The band’s current roster of veteran members includes the Round Mound of Dub Sound - singer Freddie Weaver. Band leader Doug Dubrosky still sings and plays tenor sax. He and Don Pancoe on bass hail from the earliest days of RTY. Rod Martino and Chris Klimchak fill out the lineup on guitar and trombone, respectively. Larry "Ace" Snell of The Toasters and Public Service sits on the drum throne.

== Discography ==
- Big Step - Moon Records - 1992
- Horny For Ska - Moon Records - 1996
- Philly Stylee - God’s Ghetto Records - 2005
- God's Ghetto EP - Lulu Nyeusi Records, Tanzania - 2008
- Creation Sounds - God's Ghetto Records - 2009

== Compilations ==
- The Shack - 1993 Dojo Limited/BIB Records, contains the song "Get Some Peace" .
- United Colors of SKA - 1993 Pork Pie Records, contains the song "I Want Justice".
- Ska The Third Wave - 1995 Continuum Records, contains the song "Swallow Blood".
- Ska The Third Wave Volume II - 1996 Shanachie Records, contains live versions of the songs "Misskaculation" and "Paranoid".

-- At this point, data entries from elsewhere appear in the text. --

text \<open>On a short interval after \<open>s\<close> the accumulator stays above \<open>b\<^sup>2 / 2\<close>, so the learning
  rate is bounded there and Gronwall applies to the negative-part energy, which vanishes at \<open>s\<close>.\<close>

lemma Dsq_nonneg_extend:
  assumes s: "0 \<le> s" and below: "\<And>r i. 0 \<le> r \<Longrightarrow> r < s \<Longrightarrow> i < d \<Longrightarrow> 0 \<le> Dsq i r"
  shows "\<exists>e>s. \<forall>r\<in>{s..e}. \<forall>i<d. 0 \<le> Dsq i r"
proof -
  have nonneg_upto: "0 \<le> Dsq i r" if "r \<in> {0..s}" "i < d" for r i
    using Dsq_nonneg_upto[OF s below that] .
  then have "b\<^sup>2 \<le> accum s"
    by (intro b_sq_le_accum_if_Dsq_nonneg[OF s])
  then obtain e where "s < e" and e: "\<forall>r\<in>{s..e}. b\<^sup>2 / 2 < accum r"
    using accum_gt_half_near[OF s] by blast
  have "negpart_energy r \<le> 0" if "r \<in> {s..e}" for r
  proof (rule deriv_le_linear_imp_nonpos[OF _ _ _ that])
    show "(negpart_energy has_real_derivative (\<Sum>i<d. 2 * min (Dsq i y) 0 * Dsq_rate i y))
        (at y within {s..e})" if "y \<in> {s..e}" for y
      using that s by (intro has_field_derivative_subset[OF negpart_energy_has_derivative]) auto
    show "(\<Sum>i<d. 2 * min (Dsq i y) 0 * Dsq_rate i y) \<le> 4 * eta\<^sup>2 * Lb\<^sup>2 / b\<^sup>2 * negpart_energy y"
      if "y \<in> {s..e}" for y
      using e that by (intro negpart_energy_rate_le less_imp_le) blast
    show "negpart_energy s \<le> 0"
      unfolding negpart_energy_def using nonneg_upto s by (subst sum.neutral) (auto simp: min_absorb2)
  qed
  with \<open>s < e\<close> show ?thesis
    by (intro exI[of _ e]) (auto intro: Dsq_nonneg_if_negpart_energy_nonpos)
qed

lemma Dsq_nonneg:
  assumes "0 \<le> t" and "i < d"
  shows "0 \<le> Dsq i t"
proof -
  have "\<forall>j<d. 0 \<le> Dsq j t"
  proof (rule nonneg_real_induct[where P = "\<lambda>r. \<forall>j<d. 0 \<le> Dsq j r", OF _ assms(1)])
    fix s
    assume "0 \<le> s" and "\<And>r. 0 \<le> r \<Longrightarrow> r < s \<Longrightarrow> \<forall>j<d. 0 \<le> Dsq j r"
    then show "\<exists>e>s. \<forall>r\<in>{s..e}. \<forall>j<d. 0 \<le> Dsq j r"
      by (intro Dsq_nonneg_extend) auto
  qed
  with assms(2) show ?thesis
    by blast
qed

lemma b_sq_le_accum: "0 \<le> t \<Longrightarrow> b\<^sup>2 \<le> accum t"
  using b_sq_le_accum_if_Dsq_nonneg Dsq_nonneg by auto

lemma accum_pos: "0 \<le> t \<Longrightarrow> 0 < accum t"
  using b_sq_le_accum[of t] b_pos by (meson order_less_le_trans zero_less_power)

section \<open>The conserved energy\<close>

definition mean_Dsq :: "real \<Rightarrow> real" where
  "mean_Dsq t = (\<Sum>i<d. Dsq i t) / real d"

definition energy :: "real \<Rightarrow> real" where
  "energy t = trK / real d * mean_Dsq t + 4 * eta * sqrt (accum t)
     - eta\<^sup>2 * (trK / real d) * ln (accum t)"

lemma energy_has_derivative:
  assumes "0 \<le> t"
  shows "(energy has_real_derivative 0) (at t within {0..})"
proof -
  define u where "u = sqrt (accum t)"
  have u: "0 < u" "accum t = u\<^sup>2" "lr t = eta / u"
    using accum_pos[OF assms] by (auto simp: u_def lr_eq)
  have "(\<Sum>i<d. lam i * Dsq i t) = 2 * real d * R t"
    unfolding risk_def using d_pos by simp
  moreover have "(\<Sum>i<d. Dsq_rate i t)
      = - 2 * lr t * (\<Sum>i<d. lam i * Dsq i t) + 2 * (lr t)\<^sup>2 * R t * (\<Sum>i<d. lam i)"
    unfolding Dsq_rate_def by (simp add: sum_subtractf sum_distrib_left sum_distrib_right mult_ac)
  ultimately have sum_rate: "(\<Sum>i<d. Dsq_rate i t) = - 4 * real d * lr t * R t + 2 * (lr t)\<^sup>2 * R t * trK"
    by (simp add: trK_eq)
  have "trK / real d * ((\<Sum>i<d. Dsq_rate i t) / real d)
      + 4 * eta * (inverse (sqrt (accum t)) / 2 * (2 * trK / real d * R t))
      - eta\<^sup>2 * (trK / real d) * (inverse (accum t) * (2 * trK / real d * R t)) = 0"
    unfolding sum_rate u_def[symmetric] u(2,3) using u(1) d_pos
    by (simp add: field_simps power2_eq_square)
  moreover have "(energy has_real_derivative
      trK / real d * ((\<Sum>i<d. Dsq_rate i t) / real d)
      + 4 * eta * (inverse (sqrt (accum t)) / 2 * (2 * trK / real d * R t))
      - eta\<^sup>2 * (trK / real d) * (inverse (accum t) * (2 * trK / real d * R t)))
      (at t within {0..})"
    unfolding energy_def mean_Dsq_def using assms accum_pos[OF assms]
    by (intro DERIV_diff DERIV_add DERIV_cmult DERIV_cdivide DERIV_sum Dsq_has_derivative
        DERIV_chain2[OF DERIV_real_sqrt accum_has_derivative]
        DERIV_chain2[OF DERIV_ln accum_has_derivative]) auto
  ultimately show ?thesis
    by simp
qed

lemma energy_eq_initial: "0 \<le> t \<Longrightarrow> energy t = energy 0"
  using has_field_derivative_zero_constant[of "{0..}" energy] energy_has_derivative
  by (metis atLeast_iff convex_real_interval(1) order_refl)

lemma mean_Dsq_nonneg: "0 \<le> t \<Longrightarrow> 0 \<le> mean_Dsq t"
  unfolding mean_Dsq_def using Dsq_nonneg by (intro divide_nonneg_nonneg sum_nonneg) auto

lemma sqrt_accum_eq:
  assumes "0 \<le> t"
  shows "4 * eta * (sqrt (accum t) - b)
           = trK / real d * (mean_Dsq 0 - mean_Dsq t)
             + 2 * eta\<^sup>2 * (trK / real d) * (ln (sqrt (accum t)) - ln b)"
proof -
  have "ln (accum t) = 2 * ln (sqrt (accum t))"
    using accum_pos[OF assms] by (simp add: ln_sqrt)
  moreover have "ln (accum 0) = 2 * ln b"
    using b_pos by (simp add: accum_def ln_realpow)
  moreover have "sqrt (accum 0) = b"
    using b_pos by (simp add: accum_def)
  ultimately show ?thesis
    using energy_eq_initial[OF assms] d_pos unfolding energy_def by (simp add: field_simps)
qed

lemma sqrt_accum_le:
  assumes F0: "mean_Dsq 0 \<le> F0" and t: "0 \<le> t"
  shows "2 * eta * sqrt (accum t)
           \<le> Lb * F0 + 2 * eta\<^sup>2 * Lb * ln (1 + eta * Lb / b) + 4 * eta * b"
proof -
  define T where "T = trK / real d"
  define u where "u = sqrt (accum t)"
  \<comment> \<open>tangent point for ln chosen so that the resulting term linear in u is absorbed by 4 eta u\<close>
  define c where "c = b + eta * Lb"
  have T: "0 \<le> T" "T \<le> Lb"
    using trK_nonneg trK_le d_pos by (auto simp: T_def divide_le_eq mult.commute)
  have u: "b \<le> u"
    using b_sq_le_accum[OF t] b_pos by (simp add: u_def real_le_rsqrt)
  have "0 \<le> eta * Lb"
    using eta_pos T by simp
  then have c: "0 < c" "b \<le> c"
    using b_pos by (auto simp: c_def)
  have "ln c - ln b = ln (c / b)"
    using c b_pos by (simp add: ln_div)
  also have "c / b = 1 + eta * Lb / b"
    using b_pos by (simp add: c_def field_simps)
  finally have ln_c: "ln c - ln b = ln (1 + eta * Lb / b)" .
  have "ln u \<le> ln c + u / c - 1"
    using u b_pos c by (intro ln_le_tangent) auto
  then have "4 * eta * (u - b) \<le> T * F0 + 2 * eta\<^sup>2 * T * (ln c - ln b) + 2 * eta * u * (eta * T / c)"
    using sqrt_accum_eq[OF t] mult_left_mono[OF F0 T(1)] mult_nonneg_nonneg[OF T(1) mean_Dsq_nonneg[OF t]]
      mult_left_mono[of "ln u - ln b" "ln c - ln b + u / c" "2 * eta\<^sup>2 * T"] T(1)
    unfolding T_def[symmetric] u_def[symmetric] by (simp add: algebra_simps power2_eq_square)
  also have "\<dots> \<le> Lb * F0 + 2 * eta\<^sup>2 * Lb * (ln c - ln b) + 2 * eta * u"
  proof -
    have "eta * T \<le> eta * Lb"
      using T eta_pos by (intro mult_left_mono) auto
    then have "eta * T / c \<le> 1"
      using c b_pos by (simp add: c_def)
    then have "2 * eta * u * (eta * T / c) \<le> 2 * eta * u"
      using eta_pos u b_pos by (intro mult_left_le) auto
    moreover have "T * F0 + 2 * eta\<^sup>2 * T * (ln c - ln b) \<le> Lb * F0 + 2 * eta\<^sup>2 * Lb * (ln c - ln b)"
      using T mean_Dsq_nonneg[of 0] F0 c b_pos
      by (intro add_mono mult_right_mono mult_left_mono) auto
    ultimately show ?thesis
      by linarith
  qed
  finally show ?thesis
    unfolding u_def ln_c by (simp add: algebra_simps)
qed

- Rude Vibes: The Ultimate Collection of New Skool Ska - 1996 Do The Dog Music, contains the song "Uncle Albert".
- SKAndalous: I’ve Gotcha Covered - 1996 Shanachie Records, contains Ruder Than You’s version of Black Sabbath’s "Paranoid".
- Oi-Skampilation Volume II - 1996 Radical Records, contains the song "I Want Justice".
- SKA: Cover it Up - 1997 Beloved Records, contains live versions of "Misskaculation" and "Paranoid".
- Deamons - 1997 Skully Enterprises, contains a live version of "Future Girl".
- SKAndalous: I’ve Gotcha Covered - Volume II - 1997 Shanachie Records, features Ruder Than You’s version of The Beatles’ "Tax Man".
- SKA: The Instrumentals - 1997 Beloved Records, contains the song "Swatara".
- Freedom Sounds: A Tribute to the Skatalites - 1997 Shanachie Records, contains Ruder Than You’s Version of "El Pussycat".
- Dancin’ Mood - 1997 Triple Crown Records, contains a live version of "Uncle Albert".